One incident, from 1977, detailed the rape and murder of 18-year-old student Annette Morgan, who was found partially naked on the grounds of St. Paul’s. Five days later, four St. Paul’s students received the ‘Animal Act of the Year‘ award for allegedly taking part in gang rape.

Faeces being smeared on walls or left in common spaces came up throughout. Many of the rituals were designed to expose students’ sexual history, often at the expense of their current or former partners.

Students might be given the opportunity to “opt out” to some of these rituals, but to do so would risk social exclusion.

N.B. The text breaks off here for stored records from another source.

lemma qpoch_self_nonzero:
  assumes "norm b < 1"
  shows "qpoch b b n \<noteq> 0"
  using qpoch_nonzero mult_power_neq_1[OF assms] by blast

lemma qpoch_LIMSEQ:
  assumes "norm b < 1"
  shows "(\<lambda>n. qpoch a b n) \<longlonglongrightarrow> qpoch_inf a b"
proof -
  have "summable (\<lambda>i. norm ((1 - a * b ^ i) - 1))"
    using assms by (simp add: norm_mult norm_power summable_geometric)
  then have "convergent_prod (\<lambda>i. 1 - a * b ^ i)"
    by (intro abs_convergent_prod_imp_convergent_prod summable_imp_abs_convergent_prod)
  then have "(\<lambda>n. qpoch a b (Suc n)) \<longlonglongrightarrow> prodinf (\<lambda>i. 1 - a * b ^ i)"
    unfolding qpoch_def lessThan_Suc_atMost by (rule convergent_prod_LIMSEQ)
  then have "(\<lambda>n. qpoch a b n) \<longlonglongrightarrow> prodinf (\<lambda>i. 1 - a * b ^ i)"
    by (rule LIMSEQ_imp_Suc)
  then show ?thesis unfolding qpoch_inf_def by (simp add: limI)
qed

lemma qpoch_inf_Suc_shift:
  assumes "norm b < 1"
  shows "qpoch_inf a b = (1 - a) * qpoch_inf (a * b) b"
proof -
  have "(\<lambda>n. qpoch a b (Suc n)) \<longlonglongrightarrow> (1 - a) * qpoch_inf (a * b) b"
    unfolding qpoch_Suc_shift by (intro tendsto_mult tendsto_const qpoch_LIMSEQ assms)
  then have "(\<lambda>n. qpoch a b n) \<longlonglongrightarrow> (1 - a) * qpoch_inf (a * b) b"
    by (rule LIMSEQ_imp_Suc)
  with qpoch_LIMSEQ[OF assms] show ?thesis using LIMSEQ_unique by blast
qed

lemma qpow_add: "qpow q (a + b) = qpow q a * qpow q b"
  by (simp add: qpow_def powr_add)

lemma qpow_0: "0 < q \<Longrightarrow> qpow q 0 = 1"
  by (simp add: qpow_def)

lemma qpow_of_nat: "0 < q \<Longrightarrow> qpow q (of_nat n) = complex_of_real (q ^ n)"
  by (simp add: qpow_def)

lemma qpow_eq_mult_power:
  assumes "0 < q" "a = b + of_nat n"
  shows "qpow q a = qpow q b * complex_of_real (q ^ n)"
  using assms by (simp add: qpow_add qpow_of_nat)

lemma qpow_minus_of_nat:
  assumes "0 < q"
  shows "qpow q (- of_nat n) = inverse (complex_of_real (q ^ n))"
proof -
  have "complex_of_real (q ^ n) * qpow q (- of_nat n) = 1"
    using qpow_add[of q "of_nat n" "- of_nat n"] qpow_of_nat[OF assms] qpow_0[OF assms] by simp
  then show ?thesis by (rule inverse_unique[symmetric])
qed

lemma divide_of_real_power_mult:
  assumes "0 < q"
  shows "c / complex_of_real ((x * q) ^ n) = qpow q (- of_nat n) * c / complex_of_real (x ^ n)"
  by (simp add: qpow_minus_of_nat[OF assms] power_mult_distrib divide_inverse)

lemma qpow_double_Suc:
  assumes "0 < q"
  shows "qpow q (2 * (\<nu> + 1)) = qpow q (2 * \<nu>) * complex_of_real (q^2)"
  by (rule qpow_eq_mult_power[OF assms]) (simp add: algebra_simps)

lemma qpow_double_mult_power_neq_1:
  assumes "0 < q" and "\<forall>i::nat. qpow q (2 * \<nu> + 2 * of_nat i) \<noteq> 1"
  shows "qpow q (2 * \<nu>) * complex_of_real (q^2) ^ j \<noteq> 1"
proof -
  have "qpow q (2 * \<nu> + 2 * of_nat j) = qpow q (2 * \<nu>) * complex_of_real (q ^ (2 * j))"
    by (rule qpow_eq_mult_power[OF assms(1)]) simp
  then show ?thesis using assms(2) by (metis of_real_power power_mult)
qed

lemma norm_of_real_square_less_1:
  assumes "0 < q" "q < 1"
  shows "norm (complex_of_real (q ^ 2)) < 1"
  using assms by (simp only: norm_of_real) (simp add: abs_square_less_1)

section \<open>The contiguous relation\<close>

definition hahn_exton_term :: "real \<Rightarrow> complex \<Rightarrow> real \<Rightarrow> nat \<Rightarrow> complex" where
  "hahn_exton_term q \<nu> x k = (-1) ^ k * complex_of_real (q ^ (k * (k + 1))) *
     qpoch_inf (qpow q (2 * \<nu> + 2 * of_nat k + 2)) (complex_of_real (q^2)) /
     qpoch (complex_of_real (q^2)) (complex_of_real (q^2)) k * complex_of_real (x ^ (2 * k))"

lemma hahn_exton_eq_suminf:
  "hahn_exton q \<nu> x = complex_of_real x powr \<nu> /
     qpoch_inf (complex_of_real (q^2)) (complex_of_real (q^2)) * (\<Sum>k. hahn_exton_term q \<nu> x k)"
  unfolding hahn_exton_def hahn_exton_term_def ..

lemma hahn_exton_term_pred:
  assumes "0 < q" "q < 1"
  shows "hahn_exton_term q (\<nu> - 1) x k = (1 - qpow q (2 * \<nu> + 2 * of_nat k)) * hahn_exton_term q \<nu> x k"
proof -
  have "qpow q (2 * \<nu> + 2 * of_nat k) * complex_of_real (q^2) = qpow q (2 * \<nu> + 2 * of_nat k + 2)"
    by (rule qpow_eq_mult_power[symmetric]) (use assms in auto)
  then have shift: "qpoch_inf (qpow q (2 * \<nu> + 2 * of_nat k)) (complex_of_real (q^2)) =
      (1 - qpow q (2 * \<nu> + 2 * of_nat k)) * qpoch_inf (qpow q (2 * \<nu> + 2 * of_nat k + 2)) (complex_of_real (q^2))"
    using qpoch_inf_Suc_shift[OF norm_of_real_square_less_1[OF assms]] by metis
  have exponent: "2 * (\<nu> - 1) + 2 * of_nat k + 2 = 2 * \<nu> + 2 * of_nat k" by simp
  show ?thesis unfolding hahn_exton_term_def exponent shift by (simp add: mult_ac)
qed

lemma hahn_exton_term_Suc:
  assumes "0 < q" "q < 1"
  shows "(1 - complex_of_real (q ^ (2 * k + 2))) * hahn_exton_term q \<nu> x (Suc k) =
         - complex_of_real (q^2 * x^2) * hahn_exton_term q (\<nu> + 1) (q * x) k"
proof -
  define Q where "Q = complex_of_real (q^2)"
  have "Q * Q ^ k = complex_of_real (q ^ (2 * k + 2))"
    unfolding Q_def power_double_Suc by simp
  then have poch: "qpoch Q Q (Suc k) = qpoch Q Q k * (1 - complex_of_real (q ^ (2 * k + 2)))"
    by (simp add: qpoch_Suc)
  have "qpoch Q Q (Suc k) \<noteq> 0" "qpoch Q Q k \<noteq> 0"
    unfolding Q_def using qpoch_self_nonzero norm_of_real_square_less_1[OF assms] by blast+
  with poch have nz: "1 - complex_of_real (q ^ (2 * k + 2)) \<noteq> 0" by auto
  have "Suc k * (Suc k + 1) = k * (k + 1) + 2 * k + 2" by simp
  then have q_exp: "q ^ (Suc k * (Suc k + 1)) = q ^ (k * (k + 1)) * q ^ (2 * k) * q^2"
    by (simp only: power_add)
  have x_exp: "x ^ (2 * Suc k) = x ^ (2 * k) * x^2"
    by (metis mult_Suc_right power_add mult.commute)
  have qx_exp: "(q * x) ^ (2 * k) = q ^ (2 * k) * x ^ (2 * k)"
    by (rule power_mult_distrib)
  have nu_exp: "2 * (\<nu> + 1) + 2 * of_nat k + 2 = 2 * \<nu> + 2 * of_nat (Suc k) + 2" by simp
  show ?thesis
    unfolding hahn_exton_term_def Q_def[symmetric] poch q_exp x_exp qx_exp nu_exp
    using nz \<open>qpoch Q Q k \<noteq> 0\<close> by (simp add: field_simps)
qed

“College culture is widespread and manipulative and toxic,” said Kendra Murphy, a former student at St. Andrew’s College who alleges she was raped by a fellow student. “It’s like an emotionally abusive partner… you feel like you hold power and are making decisions of your own free will but there is an unspoken pressure to adhere and perform as you should, and if you do not meet these expectations, you will be ostracised.”

EROC Australia is now calling for hazing to be criminalised.